- Stored items from a collection -
►
lemma KL_gauss_qdens:
  fixes f :: "'a::euclidean_space \<Rightarrow> real"
  assumes [measurable]: "f \<in> borel_measurable borel"
    and bdd: "\<And>y. c \<le> f y"
    and int: "(\<integral>\<^sup>+ y. ennreal (\<bar>f y\<bar> * gauss x \<tau> y) \<partial>lborel) < \<infinity>"
    and tau: "\<tau> > 0"
  shows "KL (gauss x \<tau>) (qdens f xt \<tau>)
       = heat_reg f \<tau> x + (norm (xt - x))\<^sup>2 / (2 * \<tau>)
         - ln ((2 * pi * \<tau>) powr (real DIM('a) / 2) / Zc f xt \<tau>)"
proof -
  define K where "K = (norm (xt - x))\<^sup>2 / (2 * \<tau>) - ln ((2 * pi * \<tau>) powr (real DIM('a) / 2) / Zc f xt \<tau>)"
  let ?g = "gauss x \<tau>"
  have "ln (?g y / qdens f xt \<tau> y) * ?g y
      = f y * ?g y + K * ?g y - ?g y * ((y - x) \<bullet> (xt - x)) / \<tau>" for y
  proof -
    have L: "ln (?g y / qdens f xt \<tau> y) = f y + K - ((y - x) \<bullet> (xt - x)) / \<tau>"
      using ln_gauss_div_qdens[OF tau Zc_pos[OF assms(1) bdd tau]] by (simp add: K_def)
    show ?thesis unfolding L by (simp add: algebra_simps)
  qed
  then have "KL ?g (qdens f xt \<tau>)
      = (\<integral>y. f y * ?g y + K * ?g y - ?g y * ((y - x) \<bullet> (xt - x)) / \<tau> \<partial>lborel)"
    unfolding KL_def by simp
  also have "\<dots> = heat_reg f \<tau> x + K"
  proof -
    have "integrable lborel (\<lambda>y. f y * ?g y)"
    proof (rule integrableI_bounded)
      have "(\<integral>\<^sup>+ y. ennreal (norm (f y * ?g y)) \<partial>lborel) = (\<integral>\<^sup>+ y. ennreal (\<bar>f y\<bar> * ?g y) \<partial>lborel)"
        by (intro nn_integral_cong) (simp add: abs_mult abs_of_pos gauss_pos[OF tau])
      then show "(\<integral>\<^sup>+ y. ennreal (norm (f y * ?g y)) \<partial>lborel) < \<infinity>"
        using int by simp
    qed measurable
    moreover have "integrable lborel (\<lambda>y. ?g y * ((y - x) \<bullet> (xt - x)) / \<tau>)"
      using integrable_gauss_mult_inner[OF tau] by (rule integrable_divide)
    moreover have "integrable lborel (\<lambda>y. K * ?g y)"
      using integrable_gauss[OF tau] by (rule integrable_mult_right)
    ultimately show ?thesis
      using integral_gauss[OF tau, of x] integral_gauss_mult_inner[OF tau, of x "xt - x"]
      by (simp add: heat_reg_def Bochner_Integration.integral_add Bochner_Integration.integral_diff)
  qed
  finally show ?thesis by (simp add: K_def)
qed

lemma AH_eq_heat_reg_plus_dist:
  fixes f :: "'a::euclidean_space \<Rightarrow> real"
  assumes "f \<in> borel_measurable borel" "\<And>y. c \<le> f y"
    and "(\<integral>\<^sup>+ y. ennreal (\<bar>f y\<bar> * gauss x \<tau> y) \<partial>lborel) < \<infinity>" "\<tau> > 0"
  shows "AH f \<tau> x xt = heat_reg f \<tau> x + (norm (xt - x))\<^sup>2 / (2 * \<tau>)"
  unfolding AH_def integral_exp_mult_qdens[OF \<open>\<tau> > 0\<close>] KL_gauss_qdens[OF assms] by simp

theorem mainTheorem6:
  fixes f :: "'a::euclidean_space \<Rightarrow> real" and \<tau> :: real
  assumes meas: "f \<in> borel_measurable borel"
    and bdd: "\<exists>c. \<forall>y. c \<le> f y"
    and int: "\<And>x. (\<integral>\<^sup>+ y. ennreal (\<bar>f y\<bar> * gauss x \<tau> y) \<partial>lborel) < \<infinity>"
    and tau: "\<tau> > 0"
  shows "(\<forall>x. AH f \<tau> x x = heat_reg f \<tau> x)
       \<and> (\<forall>x xt. AH f \<tau> x xt \<ge> heat_reg f \<tau> x)
       \<and> (\<forall>xt. {x. \<forall>y. AH f \<tau> x xt \<le> AH f \<tau> y xt}
               = {x. \<forall>y. KL (gauss x \<tau>) (qdens f xt \<tau>) \<le> KL (gauss y \<tau>) (qdens f xt \<tau>)})"
proof -
  obtain c where c: "\<And>y. c \<le> f y" using bdd by blast
  have AH: "AH f \<tau> x xt = heat_reg f \<tau> x + (norm (xt - x))\<^sup>2 / (2 * \<tau>)" for x xt
    by (rule AH_eq_heat_reg_plus_dist[OF meas c int tau])
  have "AH f \<tau> x x = heat_reg f \<tau> x" "AH f \<tau> x xt \<ge> heat_reg f \<tau> x" for x xt
    using tau by (simp_all add: AH)
  then show ?thesis by (simp add: AH_def)
qed

end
◄
- Task goal -
Could you find every line in the records above that has the string "powr" and copy it?

- Exercise answer -
         - ln ((2 * pi * \<tau>) powr (real DIM('a) / 2) / Zc f xt \<tau>)"
  define K where "K = (norm (xt - x))\<^sup>2 / (2 * \<tau>) - ln ((2 * pi * \<tau>) powr (real DIM('a) / 2) / Zc f xt \<tau>)"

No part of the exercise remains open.